Elevated activity of CK2 has been associated with progression of different cancers [2], [15]. High CK2 expression has been detected in 66% of CCA tissues and was associated with more aggressive disease and poorer overall survival [5]. CX-4945, a potent CK2 inhibitor, was previously studied as a therapeutic agent in different malignancies such as hematologic malignancies [16]; pancreatic adenocarcinoma [4]; ovarian cancer [8]; and lung [17], head and neck [11], [18], and breast [19] cancers. CX-4945 exerts its effects mainly through blocking the action of CK2 on different components of the PI3K/AKT pathway, particularly inhibiting phosphorylation of the AKT and PTEN molecules [4]. The PI3K/AKT pathway plays an important role in the aggressiveness of cholangiocarcinoma [10], and it has been implicated in the pathogenesis of this cancer [20]. Other studies have shown that increased levels of phosphorylated AKT were present in >80% and >60% of extrahepatic [21] and intrahepatic [22], [23] CCAs, respectively. In the present study, we confirmed that CX-4945, via inhibiting CK2, significantly inhibits the cell viability of HuCCT1, EGI-1, and Liv27 CCA cells (Figure 1A). CX-4945 also significantly inhibited the colony-forming ability of both HuCCT1 and EGI-1 cells (Figure 1, C and D). The effect of CX-4945 on colony-forming ability of Liv27 was not assessed due to the fact that these cells did not show any ability to form colonies. Although CX-4945 alone significantly inhibited tumor volumes in mice compared to control, there was no improvement in mice survival after 34 days of treatment (Figure 5, A and B). We found that CX-4945 inhibited the PI3K/AKT pathway through inhibition of AKT phosphorylation (at both S129 and S473), (and thus decreasing its effect) and PTEN phosphorylation (rendering PTEN active, blocking PIP3 formation and therefore inhibiting the AKT pathway) in three CCA cell lines (Figure 2, A-C) as well as in a CCA xenograft model (Figure 6). The net effect of dephosphorylating the AKT molecule is a decrease in CCA cell proliferation. The effect of CX-4945 on AKT downstream elements mTOR and p70 S6K was only noticed in HuCCT1 and Liv27 and only with higher doses (7.5 and 10 μM), confirming that other molecules can be modulated and contribute to the antineoplastic effect of CX-4945.

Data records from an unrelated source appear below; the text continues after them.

(* Let $A\in\mathbb C^{N\times N}$ be an adjacency matrix with $k$ distinct eigenvalues $\lambda_1,\dots,\lambda_k$, and for each $i=1,\dots,k$ let $V_i\in\mathbb C^{N\times a_i}$ ($a_i$ the algebraic multiplicity of $\lambda_i$) be an eigenvector submatrix whose columns form the union of the Jordan chains of $\lambda_i$ in a Jordan decomposition $A=VJV^{-1}$, normalized so that $\|V_i\|_1=1$. Then the graph total variation satisfies $\mathrm{TV}_G(V_i)=\|V_i-AV_i\|_1\le |1-\lambda_i|+1$.
   Context: $\|\cdot\|_1$ denotes the matrix norm induced by the vector $1$-norm (maximum absolute column sum). A Jordan chain of $A$ for $\lambda$ is a sequence $v_1,\dots,v_p$ with $(A-\lambda I)v_1=0$, $v_1\neq0$, and $(A-\lambda I)v_j=v_{j-1}$ for $j\ge2$; the union of the Jordan chains of $\lambda_i$ spans the generalized eigenspace $\mathrm{Ker}(A-\lambda_iI)^{m_i}$. *)

theory Defs
  imports "Jordan_Normal_Form.Jordan_Normal_Form"
begin

definition norm1_mat :: "complex mat \<Rightarrow> real" where
  "norm1_mat M = Max (insert 0 {(\<Sum>i<dim_row M. cmod (M $$ (i, j))) | j. j < dim_col M})"

definition graph_TV :: "complex mat \<Rightarrow> complex mat \<Rightarrow> real" where
  "graph_TV A V = norm1_mat (V - A * V)"

text \<open>Index of the first column of block number b in the Jordan matrix jordan_matrix bs.\<close>
definition block_start :: "(nat \<times> 'a) list \<Rightarrow> nat \<Rightarrow> nat" where
  "block_start bs b = sum_list (map fst (take b bs))"

definition eig_col_indices :: "(nat \<times> 'a) list \<Rightarrow> 'a \<Rightarrow> nat list" where
  "eig_col_indices bs lam =
     concat (map (\<lambda>b. [block_start bs b ..< block_start bs b + fst (bs ! b)])
                 (filter (\<lambda>b. snd (bs ! b) = lam) [0..<length bs]))"

text \<open>Eigenvector submatrix: the columns of P forming the Jordan chains of lam
  in the Jordan decomposition A = P * jordan_matrix bs * P^-1.\<close>
definition jordan_eigvec_submatrix :: "'a mat \<Rightarrow> (nat \<times> 'a) list \<Rightarrow> 'a \<Rightarrow> 'a mat" where
  "jordan_eigvec_submatrix P bs lam = mat_of_cols (dim_row P) (map (col P) (eig_col_indices bs lam))"

end

theory Submission
  imports Defs
begin

text \<open>In the Jordan basis given by the columns of \<open>P\<close>, a column \<open>v\<close> of \<open>P\<close> lying in a
  block for \<open>lam\<close> satisfies \<open>A v = lam v + w\<close>, where \<open>w\<close> is \<open>0\<close> at the head of the chain and
  the preceding chain vector otherwise; both are again (multiples of) columns of \<open>Vi\<close>.
  Hence every column \<open>v - A v = (1 - lam) v - w\<close> of \<open>Vi - A Vi\<close> has 1-norm at most
  \<open>\<bar>1 - lam\<bar> \<parallel>Vi\<parallel>\<^sub>1 + \<parallel>Vi\<parallel>\<^sub>1\<close>.\<close>

lemma block_start_Cons_0 [simp]: "block_start (x # xs) 0 = 0"
  by (simp add: block_start_def)

lemma block_start_Cons_Suc [simp]: "block_start (x # xs) (Suc b) = fst x + block_start xs b"
  by (simp add: block_start_def)

lemma block_start_add_le:
  "b < length bs \<Longrightarrow> block_start bs b + fst (bs ! b) \<le> sum_list (map fst bs)"
proof (induction bs arbitrary: b)
  case (Cons x xs)
  then show ?case by (cases b) auto
qed simp

lemma set_eig_col_indices:
  "set (eig_col_indices bs lam) =
    {block_start bs b + t | b t. b < length bs \<and> snd (bs ! b) = lam \<and> t < fst (bs ! b)}"
  (is "?l = ?r")
proof
  show "?l \<subseteq> ?r"
  proof
    fix j assume "j \<in> ?l"
    then obtain b where "b < length bs" "snd (bs ! b) = lam"
      "block_start bs b \<le> j" "j < block_start bs b + fst (bs ! b)"
      unfolding eig_col_indices_def by auto
    then show "j \<in> ?r" by (intro CollectI exI[of _ b] exI[of _ "j - block_start bs b"]) auto
  qed
  show "?r \<subseteq> ?l" unfolding eig_col_indices_def by force
qed

lemma jordan_matrix_index_block_col:
  assumes "b < length bs" "t < fst (bs ! b)" "i < sum_list (map fst bs)"
  shows "jordan_matrix bs $$ (i, block_start bs b + t) =
    (if i = block_start bs b + t then snd (bs ! b)
     else if Suc i = block_start bs b + t \<and> 0 < t then 1 else 0)"
  using assms
proof (induction bs arbitrary: b i)
  case (Cons x xs)
  obtain n a where x: "x = (n, a)" by force
  show ?case
  proof (cases b)
    case 0
    then show ?thesis using Cons.prems unfolding x jordan_matrix_Cons
      by (auto simp: jordan_matrix_def[symmetric])
  next
    case (Suc b')
    with Cons.prems have b': "b' < length xs" "t < fst (xs ! b')" by auto
    then have "block_start xs b' + t < sum_list (map fst xs)"
      using block_start_add_le[of b' xs] by linarith
    then show ?thesis using Cons.IH Cons.prems Suc b' unfolding x jordan_matrix_Cons
      by (cases "i < n") auto
  qed
qed simp

lemma mult_mat_vec_unit_vec:
  "(A :: 'a :: semiring_1 mat) \<in> carrier_mat nr n \<Longrightarrow> j < n \<Longrightarrow> A *\<^sub>v unit_vec n j = col A j"
  by (intro eq_vecI) auto

lemma col_jordan_matrix_block:
  fixes bs :: "(nat \<times> 'a :: comm_ring_1) list"
  assumes "b < length bs" "t < fst (bs ! b)"
  shows "col (jordan_matrix bs) (block_start bs b + t) =
    snd (bs ! b) \<cdot>\<^sub>v unit_vec (sum_list (map fst bs)) (block_start bs b + t)
    + (if 0 < t then unit_vec (sum_list (map fst bs)) (block_start bs b + t - 1)
       else 0\<^sub>v (sum_list (map fst bs)))"
proof -
  have "block_start bs b + t < sum_list (map fst bs)"
    using block_start_add_le[OF assms(1)] assms(2) by linarith
  then show ?thesis
    using jordan_matrix_index_block_col[OF assms] by (intro eq_vecI) auto
qed

lemma similar_mat_wit_mult_right:
  assumes "similar_mat_wit A B P Q"
  shows "A * P = P * B"
proof -
  obtain n where A: "A \<in> carrier_mat n n" by (meson similar_mat_witD(4)[OF refl assms])
  note wit = similar_mat_witD2[OF A assms]
  have "A * P = P * B * Q * P" using wit(3) by simp
  also have "\<dots> = P * B * (Q * P)" using wit(5-7) by (meson assoc_mult_mat mult_carrier_mat)
  also have "\<dots> = P * B" using wit(2,5,6) by simp
  finally show ?thesis .
qed

lemma similar_mat_wit_jordan_chain:
  fixes A P Q :: "'a :: field mat"
  assumes wit: "similar_mat_wit A (jordan_matrix bs) P Q"
    and b: "b < length bs" and t: "t < fst (bs ! b)"
  shows "A *\<^sub>v col P (block_start bs b + t) =
    snd (bs ! b) \<cdot>\<^sub>v col P (block_start bs b + t)
    + (if 0 < t then col P (block_start bs b + t - 1) else 0\<^sub>v (dim_row A))"
proof -
  let ?n = "dim_row A" and ?j = "block_start bs b + t"
  have J: "jordan_matrix bs \<in> carrier_mat ?n ?n" and P: "P \<in> carrier_mat ?n ?n"
    using similar_mat_witD(5,6)[OF refl wit] .
  then have n: "sum_list (map fst bs) = ?n" by (metis carrier_matD(1) jordan_matrix_dim(1))
  have j: "?j < ?n" using block_start_add_le[OF b] t n by linarith
  have "A *\<^sub>v col P ?j = col (P * jordan_matrix bs) ?j"
    unfolding similar_mat_wit_mult_right[OF wit, symmetric]
    by (rule col_mult2[OF similar_mat_witD(4)[OF refl wit] P j, symmetric])
  also have "\<dots> = P *\<^sub>v col (jordan_matrix bs) ?j" by (rule col_mult2[OF P J j])
  also have "\<dots> = snd (bs ! b) \<cdot>\<^sub>v (P *\<^sub>v unit_vec ?n ?j)
      + P *\<^sub>v (if 0 < t then unit_vec ?n (?j - 1) else 0\<^sub>v ?n)"
    unfolding col_jordan_matrix_block[OF b t] n using P
    by (simp add: mult_add_distrib_mat_vec mult_mat_vec)
  also have "\<dots> = snd (bs ! b) \<cdot>\<^sub>v col P ?j
      + (if 0 < t then col P (?j - 1) else 0\<^sub>v ?n)"
    using P j by (auto simp: mult_mat_vec_unit_vec)
  finally show ?thesis .
qed

definition norm1_vec :: "complex vec \<Rightarrow> real" where
  "norm1_vec v = (\<Sum>i<dim_vec v. cmod (v $ i))"

lemma norm1_vec_smult: "norm1_vec (c \<cdot>\<^sub>v v) = cmod c * norm1_vec v"
  unfolding norm1_vec_def by (simp add: norm_mult sum_distrib_left)

lemma norm1_vec_diff_le:
  assumes "dim_vec w = dim_vec v"
  shows "norm1_vec (v - w) \<le> norm1_vec v + norm1_vec w"
  unfolding norm1_vec_def using assms
  by (simp add: sum.distrib[symmetric]) (intro sum_mono norm_triangle_ineq4)

lemma norm1_vec_col_le_norm1_mat:
  "k < dim_col M \<Longrightarrow> norm1_vec (col M k) \<le> norm1_mat M"
  unfolding norm1_mat_def norm1_vec_def by (rule Max_ge) auto

lemma norm1_mat_nonneg: "0 \<le> norm1_mat M"
  unfolding norm1_mat_def by (rule Max_ge) auto

lemma norm1_mat_leI:
  assumes "0 \<le> B" "\<And>k. k < dim_col M \<Longrightarrow> norm1_vec (col M k) \<le> B"
  shows "norm1_mat M \<le> B"
  unfolding norm1_mat_def using assms by (subst Max_le_iff) (auto simp: norm1_vec_def)

text \<open>The only property of a union of Jordan chains that the bound uses: \<open>A - lam I\<close>
  sends every column to zero or to another column.\<close>

definition jordan_chain_cols :: "'a :: semiring_1 mat \<Rightarrow> 'a \<Rightarrow> 'a mat \<Rightarrow> bool" where
  "jordan_chain_cols A lam V \<longleftrightarrow> (\<forall>k < dim_col V.
     A *\<^sub>v col V k = lam \<cdot>\<^sub>v col V k \<or>
     (\<exists>k' < dim_col V. A *\<^sub>v col V k = lam \<cdot>\<^sub>v col V k + col V k'))"

lemma norm1_mat_minus_mult_le:
  assumes A: "A \<in> carrier_mat n n" and V: "V \<in> carrier_mat n m"
    and chain: "jordan_chain_cols A lam V"
  shows "norm1_mat (V - A * V) \<le> (cmod (1 - lam) + 1) * norm1_mat V"
proof (rule norm1_mat_leI)
  show "0 \<le> (cmod (1 - lam) + 1) * norm1_mat V" by (simp add: norm1_mat_nonneg)
next
  fix k assume "k < dim_col (V - A * V)"
  moreover have "dim_col (V - A * V) = m" using V by simp
  ultimately have k: "k < m" by simp
  let ?v = "col V k"
  have v: "?v \<in> carrier_vec n" using V k by simp
  obtain w where w: "A *\<^sub>v ?v = lam \<cdot>\<^sub>v ?v + w" "w \<in> carrier_vec n"
    "norm1_vec w \<le> norm1_mat V"
  proof (cases "A *\<^sub>v ?v = lam \<cdot>\<^sub>v ?v")
    case True
    with that[of "0\<^sub>v n"] v show ?thesis
      by (simp add: norm1_vec_def norm1_mat_nonneg)
  next
    case False
    with chain k V obtain k' where "k' < m" "A *\<^sub>v ?v = lam \<cdot>\<^sub>v ?v + col V k'"
      unfolding jordan_chain_cols_def by auto
    with that[of "col V k'"] V show ?thesis
      using norm1_vec_col_le_norm1_mat[of k' V] by simp
  qed
  have "col (V - A * V) k = ?v - A *\<^sub>v ?v"
    using A V k by (intro eq_vecI) auto
  also have "\<dots> = (1 - lam) \<cdot>\<^sub>v ?v - w"
    unfolding w(1) using V w(2) by (intro eq_vecI) (auto simp: left_diff_distrib)
  finally have "norm1_vec (col (V - A * V) k) \<le> cmod (1 - lam) * norm1_vec ?v + norm1_vec w"
    using norm1_vec_diff_le[of w "(1 - lam) \<cdot>\<^sub>v ?v"] V w(2) by (simp add: norm1_vec_smult)
  also have "\<dots> \<le> cmod (1 - lam) * norm1_mat V + norm1_mat V"
    using norm1_vec_col_le_norm1_mat[of k V] V k w(3) by (intro add_mono mult_left_mono) auto
  finally show "norm1_vec (col (V - A * V) k) \<le> (cmod (1 - lam) + 1) * norm1_mat V"
    by (simp add: algebra_simps)
qed

lemma jordan_chain_cols_smult:
  fixes A V :: "'a :: field mat"
  assumes A: "A \<in> carrier_mat n n" and V: "V \<in> carrier_mat n m"
    and chain: "jordan_chain_cols A lam V"
  shows "jordan_chain_cols A lam (c \<cdot>\<^sub>m V)"
  unfolding jordan_chain_cols_def
proof (intro allI impI)
  fix k assume "k < dim_col (c \<cdot>\<^sub>m V)"
  then have k: "k < m" using V by simp
  have cV: "col (c \<cdot>\<^sub>m V) j = c \<cdot>\<^sub>v col V j" if "j < m" for j
    using V that by simp
  have scale: "A *\<^sub>v (c \<cdot>\<^sub>v col V k) = c \<cdot>\<^sub>v (A *\<^sub>v col V k)"
    using A V k by (simp add: mult_mat_vec)
  consider "A *\<^sub>v col V k = lam \<cdot>\<^sub>v col V k"
    | k' where "k' < m" "A *\<^sub>v col V k = lam \<cdot>\<^sub>v col V k + col V k'"
    using chain k V unfolding jordan_chain_cols_def by auto
  then show "A *\<^sub>v col (c \<cdot>\<^sub>m V) k = lam \<cdot>\<^sub>v col (c \<cdot>\<^sub>m V) k \<or>
    (\<exists>k' < dim_col (c \<cdot>\<^sub>m V). A *\<^sub>v col (c \<cdot>\<^sub>m V) k = lam \<cdot>\<^sub>v col (c \<cdot>\<^sub>m V) k + col (c \<cdot>\<^sub>m V) k')"
  proof cases
    case 1
    then show ?thesis unfolding cV[OF k] scale by (simp add: smult_smult_assoc mult.commute)
  next
    case (2 k')
    have "A *\<^sub>v col (c \<cdot>\<^sub>m V) k = lam \<cdot>\<^sub>v col (c \<cdot>\<^sub>m V) k + col (c \<cdot>\<^sub>m V) k'"
      unfolding cV[OF k] cV[OF 2(1)] scale 2(2)
      using V k 2(1) by (intro eq_vecI) (simp_all add: distrib_left mult.left_commute)
    then show ?thesis using 2(1) V by auto
  qed
qed

lemma jordan_chain_cols_eigvec_submatrix:
  fixes A P Q :: "'a :: field mat"
  assumes wit: "similar_mat_wit A (jordan_matrix bs) P Q"
  shows "jordan_chain_cols A lam (jordan_eigvec_submatrix P bs lam)"
  unfolding jordan_chain_cols_def
proof (intro allI impI)
  let ?idx = "eig_col_indices bs lam" and ?V = "jordan_eigvec_submatrix P bs lam"
  have colV: "col ?V k = col P (?idx ! k)" if "k < length ?idx" for k
    using that unfolding jordan_eigvec_submatrix_def by simp
  have dim: "dim_col ?V = length ?idx" unfolding jordan_eigvec_submatrix_def by simp
  fix k assume "k < dim_col ?V"
  then have k: "k < length ?idx" using dim by simp
  then have "?idx ! k \<in> set ?idx" by simp
  then obtain b t where b: "b < length bs" and lam: "snd (bs ! b) = lam" and t: "t < fst (bs ! b)"
    and j: "?idx ! k = block_start bs b + t"
    unfolding set_eig_col_indices by blast
  note chain = similar_mat_wit_jordan_chain[OF wit b t, folded j, unfolded lam, folded colV[OF k]]
  show "A *\<^sub>v col ?V k = lam \<cdot>\<^sub>v col ?V k \<or>
    (\<exists>k' < dim_col ?V. A *\<^sub>v col ?V k = lam \<cdot>\<^sub>v col ?V k + col ?V k')"
  proof (cases "t = 0")
    case True
    have "col ?V k \<in> carrier_vec (dim_row A)"
      unfolding colV[OF k] carrier_matD(1)[OF similar_mat_witD(6)[OF refl wit], symmetric]
      by (rule col_dim)
    then show ?thesis using chain True by simp
  next
    case False
    then have "block_start bs b + t - 1 \<in> set ?idx"
      unfolding set_eig_col_indices using b lam t
      by (intro CollectI exI[of _ b] exI[of _ "t - 1"]) auto
    then obtain k' where k': "k' < length ?idx" "?idx ! k' = block_start bs b + t - 1"
      by (meson in_set_conv_nth)
    then have "A *\<^sub>v col ?V k = lam \<cdot>\<^sub>v col ?V k + col ?V k'"
      using chain False colV[OF k'(1)] j by simp
    then show ?thesis using k'(1) dim by auto
  qed
qed

theorem theorem2:
  fixes A P Q Vi :: "complex mat" and bs :: "(nat \<times> complex) list"
    and lam c :: complex and N :: nat
  assumes "A \<in> carrier_mat N N"
    and "similar_mat_wit A (jordan_matrix bs) P Q"
    and "eigenvalue A lam"
    and "Vi = c \<cdot>\<^sub>m jordan_eigvec_submatrix P bs lam"
    and "norm1_mat Vi = 1"
  shows "graph_TV A Vi = norm1_mat (Vi - A * Vi) \<and> graph_TV A Vi \<le> cmod (1 - lam) + 1"
proof -
  let ?V = "jordan_eigvec_submatrix P bs lam"
  let ?m = "length (eig_col_indices bs lam)"
  have "dim_row P = N" using similar_mat_witD2(6)[OF assms(1,2)] by simp
  then have V: "?V \<in> carrier_mat N ?m"
    unfolding jordan_eigvec_submatrix_def using mat_of_cols_carrier(1) length_map by metis
  have Vi: "Vi \<in> carrier_mat N ?m" using V assms(4) by simp
  have "jordan_chain_cols A lam Vi"
    unfolding assms(4)
    using jordan_chain_cols_smult[OF assms(1) V jordan_chain_cols_eigvec_submatrix[OF assms(2)]] .
  from norm1_mat_minus_mult_le[OF assms(1) Vi this]
  have "norm1_mat (Vi - A * Vi) \<le> cmod (1 - lam) + 1" unfolding assms(5) by simp
  then show ?thesis unfolding graph_TV_def by simp
qed

end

Even though previous studies have shown that CK2 inhibition induced apoptosis in various cancer cells [24], [25], [26], we found that CX-4945 increases caspase 3/7 activity in a dose- and time-dependent manner, with lower doses and shorter exposure time leading to no increase in apoptosis (Figure 1B). In mice experiment, we showed that CX-4945 significantly inhibited HuCCT1 cell proliferation and increased apoptotic activity compared to control. This suggests that, at low doses (and probably shorter time exposure), CX-4945 inhibits CCA cell viability primarily through inhibition of cell proliferation rather than by inducing apoptosis.

Our in vivo study confirmed that combining CX-4945 with both gemcitabine and cisplatin produced more antitumor efficacy against HuCCT1 xenografts than either the combination of gemcitabine and cisplatin or CX-4945 alone (Figure 5). At the doses given, CX-4945 alone was less effective than the combination of gemcitabine and cisplatin. Combination therapy with all three agents (gemcitabine + cisplatin + CX4945) significantly improved mouse survival compared to gemcitabine and cisplatin (P = .02). However, CX-4945 alone did not improve mouse survival compared to control.

Since CX-4945 blocks CK2 which is involved in many physiological pathways, we were concerned that it would cause severe adverse effects in the body; however, in our in vivo experiment, weight loss was primarily attributable to the combination of gemcitabine and cisplatin; after stopping gemcitabine and cisplatin (on day 21), mouse weights in those groups recovered rapidly and became comparable to mouse weights in groups not receiving gemcitabine and cisplatin. Therefore, the weight loss in group 4 was likely due to the adverse effect of gemcitabine and cisplatin, particularly cisplatin, which has been reported to induce significant weight loss [27]. These findings suggest that CX-4945 might be a safe and relatively nontoxic medication for use in humans.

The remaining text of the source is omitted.